Incomplete Blog Entries
by , 05-03-2008 at 07:15 PM (1422 Views)
Been going through a what to blog about stage where ideas come, get started then crash and burn by my own boredom of the topic.
Last night I did an entire entry and Litnet wouldn't take the entry. I tried a shortcut after copying/pasting and the modem kept me waiting forever and I lost the entry.
The basic theme was blogs I started, deleted, slaved over etc. The might have been entries.
So here's some things you the dear peruser of the whited sepulchre's ramblings and boastings you may have been momentarily diverted from on the way to discussing D. H.'s short stories on the author's log. I swear that's the most used thread of all.
NOTE: Some of these ideas when thought over probably deserved to be put in the discard file.
1. Ten Reasons why Logos should call me on the phone.
2. 15 reasons why the above idea probably woudn't work out in the Mary Poppins Meets Mr. Hyde storyline the drama queen predicts would be the resulting chaos.
3. Update on the idiot nephew and life as a guest of the New York penal colony.
4. Update on the AAA President's breakfast. Good news they actually served something I liked. Job still safe. New president announced.
5. The car window malfunctioning and the son-in-law to the rescue.
6. The Lawnmower of Doom's first defeat for the season.
7. The Lawnmower's revenge. It cohabited with Mother Nature and made the grass grow back FASTER!
8. Short history of Myra Reldon and why SHE should have been The Shadow's main female agent instead of that clumsy Margo Lane. Radio influences indeed!!
9. Getting the window fixed a week after the son-in-law's attempt.
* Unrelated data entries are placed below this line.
lemma unique_coordinates_in_hyperplane:
  fixes A :: "nat \<Rightarrow> nat \<Rightarrow> 'a::{finite,field}" and \<mu> w :: "nat \<Rightarrow> 'a"
  assumes "0 < n" and "\<mu> n \<noteq> 0"
    and columns: "\<And>l. l \<in> {1..n-1} \<Longrightarrow> (\<Sum>i\<in>{1..n}. \<mu> i * A i l) = 0"
    and rows_indep: "\<And>d. \<forall>l\<in>{1..n-1}. (\<Sum>i\<in>{1..n-1}. d i * A i l) = 0 \<Longrightarrow> \<forall>i\<in>{1..n-1}. d i = 0"
    and w: "(\<Sum>i\<in>{1..n}. \<mu> i * w i) = 0"
  shows "\<exists>!c. c \<in> extensional {1..n-1} \<and> (\<forall>i\<in>{1..n}. w i = (\<Sum>l\<in>{1..n-1}. c l * A i l))"
proof -
  let ?I = "{1..n-1}"
  define v where "v c i = (\<Sum>l\<in>?I. c l * A i l)" for c i
  have cols_indep: "\<forall>l\<in>?I. c l = 0" if "\<forall>i\<in>?I. v c i = 0" for c
    using finite_square_linear_inj_transpose[OF _ rows_indep] that unfolding v_def by blast
  have v_in_hyperplane: "(\<Sum>i\<in>{1..n}. \<mu> i * v c i) = 0" for c
  proof -
    have "(\<Sum>i\<in>{1..n}. \<mu> i * v c i) = (\<Sum>l\<in>?I. c l * (\<Sum>i\<in>{1..n}. \<mu> i * A i l))"
      unfolding v_def sum_distrib_left by (subst sum.swap) (simp add: mult_ac)
    also have "\<dots> = 0" using columns by simp
    finally show ?thesis .
  qed
  have "\<exists>c. \<forall>i\<in>?I. v c i = w i"
    unfolding v_def by (rule finite_square_linear_inj_imp_surj) (use cols_indep in \<open>simp_all add: v_def\<close>)
  then obtain c where c: "\<forall>i\<in>?I. v c i = w i" ..
  have "v (restrict c ?I) = v c" by (simp add: v_def fun_eq_iff)
  then have "\<forall>i\<in>?I. w i = v (restrict c ?I) i" using c by simp
  then have represents: "\<forall>i\<in>{1..n}. w i = v (restrict c ?I) i"
    by (rule hyperplane_eq_if_eq_except_last[OF \<open>0 < n\<close> \<open>\<mu> n \<noteq> 0\<close> w v_in_hyperplane])
  have unique: "c' = restrict c ?I" if "c' \<in> extensional ?I" "\<forall>i\<in>{1..n}. w i = v c' i" for c'
  proof -
    have "v c' i = v (restrict c ?I) i" if "i \<in> ?I" for i
    proof -
      have "i \<in> {1..n}" using that by auto
      then have "w i = v c' i" "w i = v (restrict c ?I) i"
        using \<open>\<forall>i\<in>{1..n}. w i = v c' i\<close> represents by blast+
      then show ?thesis by simp
    qed
    then have "\<forall>i\<in>?I. v (\<lambda>l. c' l - restrict c ?I l) i = 0"
      by (simp add: v_def left_diff_distrib sum_subtractf)
    then have "\<forall>l\<in>?I. c' l = restrict c ?I l" using cols_indep[of "\<lambda>l. c' l - restrict c ?I l"] by simp
    then show ?thesis by (intro extensionalityI[OF that(1) restrict_extensional]) blast
  qed
  show ?thesis
  proof (rule ex1I[of _ "restrict c ?I"])
    show "restrict c ?I \<in> extensional ?I \<and> (\<forall>i\<in>{1..n}. w i = (\<Sum>l\<in>?I. restrict c ?I l * A i l))"
      using represents unfolding v_def by simp
  next
    fix c' assume "c' \<in> extensional ?I \<and> (\<forall>i\<in>{1..n}. w i = (\<Sum>l\<in>?I. c' l * A i l))"
    then show "c' = restrict c ?I" using unique unfolding v_def by blast
  qed
qed

lemma of_nat_mod_ring_neq_0:
  assumes "0 < k" and "k < CARD('p)"
  shows "(of_nat k :: 'p::prime_card mod_ring) \<noteq> 0"
  using assms by (auto simp: of_nat_eq_0_iff_char_dvd dest: dvd_imp_le)

lemma bigM_spec:
  assumes "0 < mi" and "mi < q" and "q < CARD('p::prime_card)"
  shows "0 < bigM TYPE('p) q mi" and "bigM TYPE('p) q mi < CARD('p)"
    and "(of_nat (bigM TYPE('p) q mi) :: 'p mod_ring) = - of_nat mi * inverse (of_nat q)"
proof -
  define v :: "'p mod_ring" where "v = - of_nat mi * inverse (of_nat q)"
  have "(of_nat mi :: 'p mod_ring) \<noteq> 0" and "(of_nat q :: 'p mod_ring) \<noteq> 0"
    using assms by (intro of_nat_mod_ring_neq_0; simp)+
  then have "v \<noteq> 0" unfolding v_def by simp
  obtain i where i: "i < CARD('p)" "v = of_nat i" using surj_of_nat_mod_ring[of v] by blast
  with \<open>v \<noteq> 0\<close> have "0 < i" by (cases i) auto
  let ?P = "\<lambda>M::nat. 0 < M \<and> (of_nat M :: 'p mod_ring) = v"
  have "?P i" using i \<open>0 < i\<close> by simp
  then have "?P (LEAST M. ?P M)" "(LEAST M. ?P M) \<le> i" by (rule LeastI, rule Least_le)
  then show "0 < bigM TYPE('p) q mi" "bigM TYPE('p) q mi < CARD('p)"
    "(of_nat (bigM TYPE('p) q mi) :: 'p mod_ring) = - of_nat mi * inverse (of_nat q)"
    unfolding bigM_def v_def[symmetric] using i by simp_all
qed

locale ample_nodes =
  fixes n :: nat and M :: "nat \<Rightarrow> nat" and x :: "nat \<Rightarrow> 'p::prime_card mod_ring"
  assumes n_pos: "0 < n"
    and inj_x: "inj_on x {1..n}"
    and M_pos: "\<And>i. i \<in> {1..n} \<Longrightarrow> 0 < M i"
    and M_less_card: "\<And>i. i \<in> {1..n} \<Longrightarrow> M i < CARD('p)"
    and ample: "(\<Sum>i\<in>{1..n}. M i) div CARD('p) = n - 1"
begin

abbreviation D :: nat where "D \<equiv> \<Sum>i\<in>{1..n}. M i"

definition cofactor :: "nat \<Rightarrow> 'p mod_ring poly" where
  "cofactor i = (\<Prod>j\<in>{1..n}-{i}. [:-x j, 1:])"

definition common_factor :: "'p mod_ring poly" where
  "common_factor = (\<Prod>j\<in>{1..n}. [:-x j, 1:] ^ (M j - 1))"

lemma common_factor_mult_cofactor:
  assumes i: "i \<in> {1..n}"
  shows "common_factor * cofactor i = [:-x i, 1:] ^ (M i - 1) * (\<Prod>j\<in>{1..n}-{i}. [:-x j, 1:] ^ M j)"
proof -
  let ?S = "{1..n}-{i}"
  have "common_factor = [:-x i, 1:] ^ (M i - 1) * (\<Prod>j\<in>?S. [:-x j, 1:] ^ (M j - 1))"
    unfolding common_factor_def using i by (simp add: prod.remove)
  moreover have "(\<Prod>j\<in>?S. [:-x j, 1:] ^ (M j - 1)) * cofactor i = (\<Prod>j\<in>?S. [:-x j, 1:] ^ M j)"
    unfolding cofactor_def prod.distrib[symmetric]
  proof (rule prod.cong)
    fix j assume "j \<in> ?S"
    then have "M j = Suc (M j - 1)" using M_pos by force
    then show "[:-x j, 1:] ^ (M j - 1) * [:-x j, 1:] = [:-x j, 1:] ^ M j"
      by (metis power_Suc2)
  qed simp
  ultimately show ?thesis by (simp add: mult.assoc)
qed

lemma Phi_eq_linear_mult:
  assumes i: "i \<in> {1..n}"
  shows "Phi n M x = [:-x i, 1:] * (common_factor * cofactor i)"
proof -
  have "Phi n M x = [:-x i, 1:] ^ M i * (\<Prod>j\<in>{1..n}-{i}. [:-x j, 1:] ^ M j)"
    unfolding Phi_def using i by (simp add: prod.remove)
  also have "\<dots> = [:-x i, 1:] * ([:-x i, 1:] ^ (M i - 1) * (\<Prod>j\<in>{1..n}-{i}. [:-x j, 1:] ^ M j))"
    unfolding mult.assoc[symmetric] power_Suc[symmetric] using M_pos[OF i] by simp
  finally show ?thesis unfolding common_factor_mult_cofactor[OF i] .
qed

lemma Ivec_eq_coeff:
  assumes "i \<in> {1..n}"
  shows "Ivec n M l x i = coeff (common_factor * cofactor i) (l * CARD('p) - 1)"
proof -
  have L: "[:-x i, 1:] \<noteq> 0" by simp
  show ?thesis unfolding Ivec_def Phi_eq_linear_mult[OF assms] nonzero_mult_div_cancel_left[OF L] ..
qed

lemma pderiv_Phi:
  "pderiv (Phi n M x) = common_factor * (\<Sum>i\<in>{1..n}. smult (of_nat (M i)) (cofactor i))"
proof -
  have "pderiv (Phi n M x) =
      (\<Sum>i\<in>{1..n}. (\<Prod>j\<in>{1..n}-{i}. [:-x j, 1:] ^ M j) * pderiv ([:-x i, 1:] ^ M i))"
    unfolding Phi_def by (rule pderiv_prod)
  also have "\<dots> = (\<Sum>i\<in>{1..n}. common_factor * smult (of_nat (M i)) (cofactor i))"
  proof (rule sum.cong)
    fix i assume i: "i \<in> {1..n}"
    have "pderiv ([:-x i, 1:] ^ M i) = smult (of_nat (M i)) ([:-x i, 1:] ^ (M i - 1))"
      by (simp add: pderiv_power pderiv_pCons)
    then have "(\<Prod>j\<in>{1..n}-{i}. [:-x j, 1:] ^ M j) * pderiv ([:-x i, 1:] ^ M i) =
        smult (of_nat (M i)) ([:-x i, 1:] ^ (M i - 1) * (\<Prod>j\<in>{1..n}-{i}. [:-x j, 1:] ^ M j))"
      by (simp add: mult.commute)
    also have "\<dots> = common_factor * smult (of_nat (M i)) (cofactor i)"
      by (simp add: common_factor_mult_cofactor[OF i])
    finally show "(\<Prod>j\<in>{1..n}-{i}. [:-x j, 1:] ^ M j) * pderiv ([:-x i, 1:] ^ M i) =
        common_factor * smult (of_nat (M i)) (cofactor i)" .
  qed simp
  finally show ?thesis by (simp add: sum_distrib_left)
qed

lemma sum_M_Ivec_eq_0:
  assumes "0 < l"
  shows "(\<Sum>i\<in>{1..n}. of_nat (M i) * Ivec n M l x i) = 0"
proof -
  let ?k = "l * CARD('p) - 1"
  have "(\<Sum>i\<in>{1..n}. of_nat (M i) * Ivec n M l x i) =
      (\<Sum>i\<in>{1..n}. of_nat (M i) * coeff (common_factor * cofactor i) ?k)"
    by (intro sum.cong) (simp_all add: Ivec_eq_coeff)
  also have "\<dots> = coeff (pderiv (Phi n M x)) ?k"
    unfolding pderiv_Phi sum_distrib_left mult_smult_right coeff_sum coeff_smult ..
  also have "\<dots> = of_nat (l * CARD('p)) * coeff (Phi n M x) (l * CARD('p))"
    using assms by (simp add: coeff_pderiv)
  also have "\<dots> = 0" by (simp add: of_nat_eq_0_iff_char_dvd)
  finally show ?thesis .
qed

lemma poly_cofactor_eq_0_iff:
  assumes "i \<in> {1..n}" and "j \<in> {1..n}"
  shows "poly (cofactor i) (x j) = 0 \<longleftrightarrow> j \<noteq> i"
proof -
  have "x j = x k \<longleftrightarrow> j = k" if "k \<in> {1..n}" for k
    using inj_onD[OF inj_x _ assms(2) that] by blast
  then show ?thesis
    using assms unfolding cofactor_def poly_prod by auto
qed

lemma poly_sum_smult_cofactor:
  assumes "i \<in> {1..n}"
  shows "poly (\<Sum>j\<in>{1..n}. smult (a j) (cofactor j)) (x i) = a i * poly (cofactor i) (x i)"
proof -
  have "poly (\<Sum>j\<in>{1..n}. smult (a j) (cofactor j)) (x i) =
      (\<Sum>j\<in>{1..n}. if j = i then a i * poly (cofactor i) (x i) else 0)"
    unfolding poly_sum using assms poly_cofactor_eq_0_iff by (intro sum.cong) auto
  also have "\<dots> = a i * poly (cofactor i) (x i)" using assms by simp
  finally show ?thesis .
qed

lemma degree_cofactor:
  assumes "i \<in> {1..n}"
  shows "degree (cofactor i) \<le> n - 1"
proof -
  have "degree (cofactor i) \<le> (\<Sum>j\<in>{1..n}-{i}. degree [:-x j, 1:])"
    unfolding cofactor_def by (rule degree_prod_sum_le[unfolded o_def]) simp
  also have "\<dots> = n - 1" using assms by simp
  finally show ?thesis .
qed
10. How a $23.98 credit card denial turned into a circus between a tow service, a college kid and an angry mother in Cleveland. One phone call notice to me would have been proper, timely, and save much weeping and gnashing of teeth.
11. Avengers collection update. OK--here goes--up to 129.
12. The worse annual Free Comic Book Day since the tradtion started and the dirty secret behind this 'free' event.
13. My total polictical comment best summed up by the cliche: "This person too shall pass on."
14. How one offhand remark from a long suffering wife led to the grizzley sulking and whining to the two Litnetters who DO think talking to me on the phone is a little slice of heaven--Logos take notes. Solution--Ruth totally forgot she said it and I decided to let one go to get my benefits back.
All for now. Like I say these really are the dregs of a dwindling imagination.